## ASSIGNMENT
Exactly as written, copy the lines of the data below from the first through the one containing "function p and".

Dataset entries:

(* Let $G=(V,E,p,(V_{E},V_{O}))$ be a parity game, let $D$ be an Odd-dominion of $G$, and let $D'\subseteq D$ be nonempty such that for every edge $(u,w)\in E$ with $u\in D'$ and $w\in D\setminus D'$ we have $u\in V_{E}$. Let $U\subseteq V$ be such that $G\cap U$ is a parity game (every vertex of $U$ has a successor in $U$), $D'\subseteq U$ and $U\cap(D\setminus D')=\emptyset$. Then $D'$ is an Odd-dominion of $G\cap U$.
   Context: A parity game $G=(V,E,p,(V_{E},V_{O}))$: finite $V$ partitioned into $V_{E}$ (Even) and $V_{O}$ (Odd), total edge relation $E$, priorities $p:V\to\mathbb{N}$. Plays are infinite paths; Even wins iff the least priority occurring infinitely often is even. $G\cap U$ denotes the game restricted to vertex set $U$ with edges $E\cap(U\times U)$. A set $D$ is an Odd-dominion of a game if Odd has a strategy in that game such that every play starting in $D$ consistent with it is won by Odd and stays in $D$. *)

theory Defs
  imports Main
begin

text \<open>A parity game is given by a vertex set V, an edge relation E, a priority
function p and the set VE of vertices owned by Even; Odd owns V - VE.\<close>

definition parity_game :: "'v set \<Rightarrow> ('v \<times> 'v) set \<Rightarrow> ('v \<Rightarrow> nat) \<Rightarrow> 'v set \<Rightarrow> bool" where
  "parity_game V E p VE \<longleftrightarrow> finite V \<and> E \<subseteq> V \<times> V \<and> VE \<subseteq> V \<and>
     (\<forall>v\<in>V. \<exists>w. (v, w) \<in> E)"

definition odd_strategy :: "'v set \<Rightarrow> ('v \<times> 'v) set \<Rightarrow> 'v set \<Rightarrow> ('v list \<Rightarrow> 'v) \<Rightarrow> bool" where
  "odd_strategy V E VE \<sigma> \<longleftrightarrow>
     (\<forall>h. h \<noteq> [] \<and> last h \<in> V - VE \<longrightarrow> (last h, \<sigma> h) \<in> E)"

definition consistent_play :: "'v set \<Rightarrow> ('v \<times> 'v) set \<Rightarrow> 'v set \<Rightarrow> ('v list \<Rightarrow> 'v)
    \<Rightarrow> 'v \<Rightarrow> (nat \<Rightarrow> 'v) \<Rightarrow> bool" where
  "consistent_play V E VE \<sigma> v \<rho> \<longleftrightarrow>
     \<rho> 0 = v \<and> (\<forall>i. (\<rho> i, \<rho> (Suc i)) \<in> E) \<and>
     (\<forall>i. \<rho> i \<in> V - VE \<longrightarrow> \<rho> (Suc i) = \<sigma> (map \<rho> [0..<Suc i]))"

definition odd_wins :: "('v \<Rightarrow> nat) \<Rightarrow> (nat \<Rightarrow> 'v) \<Rightarrow> bool" where
  "odd_wins p \<rho> \<longleftrightarrow> odd (LEAST k. \<exists>\<^sub>\<infinity>i. p (\<rho> i) = k)"

definition odd_dominion :: "'v set \<Rightarrow> ('v \<times> 'v) set \<Rightarrow> ('v \<Rightarrow> nat) \<Rightarrow> 'v set \<Rightarrow> 'v set \<Rightarrow> bool" where
  "odd_dominion V E p VE D \<longleftrightarrow> D \<subseteq> V \<and>
     (\<exists>\<sigma>. odd_strategy V E VE \<sigma> \<and>
        (\<forall>v\<in>D. \<forall>\<rho>. consistent_play V E VE \<sigma> v \<rho> \<longrightarrow>
            (\<forall>i. \<rho> i \<in> D) \<and> odd_wins p \<rho>))"

end

theory Submission
  imports Defs
begin

text \<open>Let \<sigma> be Odd's strategy on the dominion D and let Odd play \<sigma> in G \<inter> U whenever
  \<sigma>'s move is legal there. Every finite \<sigma>-consistent history from D extends to an infinite
  \<sigma>-play, which D traps, so every \<sigma>-consistent move from such a history stays in D. Along a
  play of G \<inter> U from D' this gives, inductively: an Even move lands in D \<inter> U \<subseteq> D'; \<sigma>'s
  move from an Odd vertex of D' lands in D but not in D - D', hence in D' \<subseteq> U, so it is legal
  and is the move actually played. The play is therefore a \<sigma>-play of G confined to D',
  and Odd wins it.\<close>

primrec history :: "'a \<Rightarrow> (nat \<Rightarrow> 'a list \<Rightarrow> 'a) \<Rightarrow> nat \<Rightarrow> 'a list" where
  "history x g 0 = [x]"
| "history x g (Suc k) = history x g k @ [g k (history x g k)]"

definition history_seq :: "'a \<Rightarrow> (nat \<Rightarrow> 'a list \<Rightarrow> 'a) \<Rightarrow> nat \<Rightarrow> 'a" where
  "history_seq x g k = last (history x g k)"

lemma map_history_seq: "map (history_seq x g) [0..<Suc k] = history x g k"
  by (induction k) (simp_all add: history_seq_def)

lemma history_seq_0 [simp]: "history_seq x g 0 = x"
  by (simp add: history_seq_def)

lemma history_seq_Suc: "history_seq x g (Suc k) = g k (map (history_seq x g) [0..<Suc k])"
  by (simp only: map_history_seq) (simp add: history_seq_def)

definition consistent_prefix :: "'v set \<Rightarrow> ('v \<times> 'v) set \<Rightarrow> 'v set \<Rightarrow> ('v list \<Rightarrow> 'v)
    \<Rightarrow> (nat \<Rightarrow> 'v) \<Rightarrow> nat \<Rightarrow> bool" where
  "consistent_prefix V E VE \<sigma> \<rho> n \<longleftrightarrow>
     (\<forall>j<n. (\<rho> j, \<rho> (Suc j)) \<in> E \<and>
        (\<rho> j \<in> V - VE \<longrightarrow> \<rho> (Suc j) = \<sigma> (map \<rho> [0..<Suc j])))"

lemma consistent_prefix_0 [simp]: "consistent_prefix V E VE \<sigma> \<rho> 0"
  by (simp add: consistent_prefix_def)

lemma consistent_prefix_Suc:
  "consistent_prefix V E VE \<sigma> \<rho> (Suc n) \<longleftrightarrow> consistent_prefix V E VE \<sigma> \<rho> n \<and>
     (\<rho> n, \<rho> (Suc n)) \<in> E \<and> (\<rho> n \<in> V - VE \<longrightarrow> \<rho> (Suc n) = \<sigma> (map \<rho> [0..<Suc n]))"
  unfolding consistent_prefix_def by (auto simp: less_Suc_eq simp del: upt_Suc)

lemma consistent_prefix_cong:
  assumes "\<forall>k\<le>n. \<rho>' k = \<rho> k"
  shows "consistent_prefix V E VE \<sigma> \<rho>' n \<longleftrightarrow> consistent_prefix V E VE \<sigma> \<rho> n"
proof -
  have "map \<rho>' [0..<Suc j] = map \<rho> [0..<Suc j]" if "j < n" for j
    using assms that by (intro map_cong) auto
  then show ?thesis
    using assms unfolding consistent_prefix_def by (metis Suc_leI less_imp_le)
qed

lemma consistent_play_iff_prefixes:
  "consistent_play V E VE \<sigma> v \<rho> \<longleftrightarrow> \<rho> 0 = v \<and> (\<forall>n. consistent_prefix V E VE \<sigma> \<rho> n)"
  unfolding consistent_play_def consistent_prefix_def by (blast intro: lessI)

text \<open>Beyond the prefix, Odd follows \<sigma> and Even picks an arbitrary edge; the play is
  built by course-of-values recursion because \<sigma> depends on the whole history.\<close>

lemma consistent_prefix_extends:
  assumes EV: "E \<subseteq> V \<times> V" and total: "\<forall>v\<in>V. \<exists>w. (v, w) \<in> E"
    and \<sigma>: "odd_strategy V E VE \<sigma>" and "\<rho> 0 \<in> V" and prefix: "consistent_prefix V E VE \<sigma> \<rho> n"
  shows "\<exists>\<rho>'. consistent_play V E VE \<sigma> (\<rho> 0) \<rho>' \<and> (\<forall>k\<le>n. \<rho>' k = \<rho> k)"
proof -
  define move where "move h = (if last h \<in> V - VE then \<sigma> h else SOME w. (last h, w) \<in> E)" for h
  define \<rho>' where "\<rho>' = history_seq (\<rho> 0) (\<lambda>k h. if k < n then \<rho> (Suc k) else move h)"
  have \<rho>'_Suc: "\<rho>' (Suc k) = (if k < n then \<rho> (Suc k) else move (map \<rho>' [0..<Suc k]))" for k
    unfolding \<rho>'_def by (rule history_seq_Suc)
  have "\<rho>' k = \<rho> k" if "k \<le> n" for k
    using that by (induction k) (simp_all add: \<rho>'_def \<rho>'_Suc[unfolded \<rho>'_def])
  then have agree: "\<forall>k\<le>n. \<rho>' k = \<rho> k" by blast
  have prefix': "consistent_prefix V E VE \<sigma> \<rho>' n"
    using prefix consistent_prefix_cong[OF agree] by blast
  have move_edge: "(last h, move h) \<in> E" if "last h \<in> V" "h \<noteq> []" for h
    using that \<sigma> total someI_ex[of "\<lambda>w. (last h, w) \<in> E"]
    unfolding move_def odd_strategy_def by auto
  have late: "consistent_prefix V E VE \<sigma> \<rho>' (Suc k) \<and> \<rho>' (Suc k) \<in> V"
    if "consistent_prefix V E VE \<sigma> \<rho>' k" "\<rho>' k \<in> V" "n \<le> k" for k
  proof -
    have "\<rho>' (Suc k) = move (map \<rho>' [0..<Suc k])"
      using \<rho>'_Suc \<open>n \<le> k\<close> by simp
    then show ?thesis
      using that move_edge[of "map \<rho>' [0..<Suc k]"] EV
      by (auto simp: consistent_prefix_Suc move_def)
  qed
  have "consistent_prefix V E VE \<sigma> \<rho>' k \<and> \<rho>' k \<in> V" for k
  proof (induction k)
    case 0
    show ?case using agree \<open>\<rho> 0 \<in> V\<close> by simp
  next
    case (Suc k)
    show ?case
    proof (cases "k < n")
      case True
      then have "consistent_prefix V E VE \<sigma> \<rho>' (Suc k)"
        using prefix' unfolding consistent_prefix_def by auto
      then show ?thesis using EV by (auto simp: consistent_prefix_Suc)
    qed (use Suc late in simp)
  qed
  then have "consistent_play V E VE \<sigma> (\<rho> 0) \<rho>'"
    using agree by (simp add: consistent_play_iff_prefixes)
  then show ?thesis using agree by blast
qed

definition odd_dominion_strategy :: "'v set \<Rightarrow> ('v \<times> 'v) set \<Rightarrow> ('v \<Rightarrow> nat) \<Rightarrow> 'v set
    \<Rightarrow> 'v set \<Rightarrow> ('v list \<Rightarrow> 'v) \<Rightarrow> bool" where
  "odd_dominion_strategy V E p VE D \<sigma> \<longleftrightarrow> odd_strategy V E VE \<sigma> \<and>
     (\<forall>v\<in>D. \<forall>\<rho>. consistent_play V E VE \<sigma> v \<rho> \<longrightarrow> (\<forall>i. \<rho> i \<in> D) \<and> odd_wins p \<rho>)"

lemma odd_dominion_iff_strategy:
  "odd_dominion V E p VE D \<longleftrightarrow> D \<subseteq> V \<and> (\<exists>\<sigma>. odd_dominion_strategy V E p VE D \<sigma>)"
  unfolding odd_dominion_def odd_dominion_strategy_def by blast

lemma consistent_prefix_in_dominion:
  assumes "parity_game V E p VE" "D \<subseteq> V" "odd_dominion_strategy V E p VE D \<sigma>"
    and "\<rho> 0 \<in> D" "consistent_prefix V E VE \<sigma> \<rho> n"
  shows "\<rho> n \<in> D"
proof -
  obtain \<rho>' where "consistent_play V E VE \<sigma> (\<rho> 0) \<rho>'" "\<forall>k\<le>n. \<rho>' k = \<rho> k"
    using consistent_prefix_extends[of E V VE \<sigma> \<rho> n] assms
    unfolding parity_game_def odd_dominion_strategy_def by blast
  then show ?thesis
    using assms(3,4) unfolding odd_dominion_strategy_def by (metis order_refl)
qed

lemma consistent_successor_in_dominion:
  assumes "parity_game V E p VE" "D \<subseteq> V" "odd_dominion_strategy V E p VE D \<sigma>"
    and "\<rho> 0 \<in> D" "consistent_prefix V E VE \<sigma> \<rho> n"
    and "(\<rho> n, w) \<in> E" "\<rho> n \<in> V - VE \<longrightarrow> w = \<sigma> (map \<rho> [0..<Suc n])"
  shows "w \<in> D"
proof -
  let ?\<rho> = "\<rho>(Suc n := w)"
  have "\<forall>k\<le>n. ?\<rho> k = \<rho> k" by simp
  then have "consistent_prefix V E VE \<sigma> ?\<rho> (Suc n)"
    using assms(5-7) consistent_prefix_cong[of n ?\<rho> \<rho>] map_cong[of "[0..<Suc n]" _ ?\<rho> \<rho>]
    by (simp add: consistent_prefix_Suc del: upt_Suc)
  then show ?thesis
    using consistent_prefix_in_dominion[OF assms(1-3), of ?\<rho> "Suc n"] assms(4) by simp
qed

definition restrict_strategy :: "('v \<times> 'v) set \<Rightarrow> 'v set \<Rightarrow> ('v list \<Rightarrow> 'v) \<Rightarrow> 'v list \<Rightarrow> 'v" where
  "restrict_strategy E U \<sigma> h =
     (if (last h, \<sigma> h) \<in> E \<inter> U \<times> U then \<sigma> h else SOME w. (last h, w) \<in> E \<inter> U \<times> U)"

lemma restrict_strategy_eq:
  "(last h, \<sigma> h) \<in> E \<Longrightarrow> last h \<in> U \<Longrightarrow> \<sigma> h \<in> U \<Longrightarrow> restrict_strategy E U \<sigma> h = \<sigma> h"
  by (simp add: restrict_strategy_def)

lemma odd_strategy_restrict_strategy:
  assumes "\<forall>v\<in>U. \<exists>w. (v, w) \<in> E \<inter> U \<times> U"
  shows "odd_strategy U (E \<inter> U \<times> U) (VE \<inter> U) (restrict_strategy E U \<sigma>)"
  unfolding odd_strategy_def
proof (intro allI impI)
  fix h :: "'a list"
  assume "h \<noteq> [] \<and> last h \<in> U - VE \<inter> U"
  then have "\<exists>w. (last h, w) \<in> E \<inter> U \<times> U" using assms by blast
  then have "(last h, SOME w. (last h, w) \<in> E \<inter> U \<times> U) \<in> E \<inter> U \<times> U" by (rule someI_ex)
  then show "(last h, restrict_strategy E U \<sigma> h) \<in> E \<inter> U \<times> U"
    unfolding restrict_strategy_def by (subst if_split) blast
qed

## EXERCISE RESULT
(* Let $G=(V,E,p,(V_{E},V_{O}))$ be a parity game, let $D$ be an Odd-dominion of $G$, and let $D'\subseteq D$ be nonempty such that for every edge $(u,w)\in E$ with $u\in D'$ and $w\in D\setminus D'$ we have $u\in V_{E}$. Let $U\subseteq V$ be such that $G\cap U$ is a parity game (every vertex of $U$ has a successor in $U$), $D'\subseteq U$ and $U\cap(D\setminus D')=\emptyset$. Then $D'$ is an Odd-dominion of $G\cap U$.
   Context: A parity game $G=(V,E,p,(V_{E},V_{O}))$: finite $V$ partitioned into $V_{E}$ (Even) and $V_{O}$ (Odd), total edge relation $E$, priorities $p:V\to\mathbb{N}$. Plays are infinite paths; Even wins iff the least priority occurring infinitely often is even. $G\cap U$ denotes the game restricted to vertex set $U$ with edges $E\cap(U\times U)$. A set $D$ is an Odd-dominion of a game if Odd has a strategy in that game such that every play starting in $D$ consistent with it is won by Odd and stays in $D$. *)

theory Defs
  imports Main
begin

text \<open>A parity game is given by a vertex set V, an edge relation E, a priority
function p and the set VE of vertices owned by Even; Odd owns V - VE.\<close>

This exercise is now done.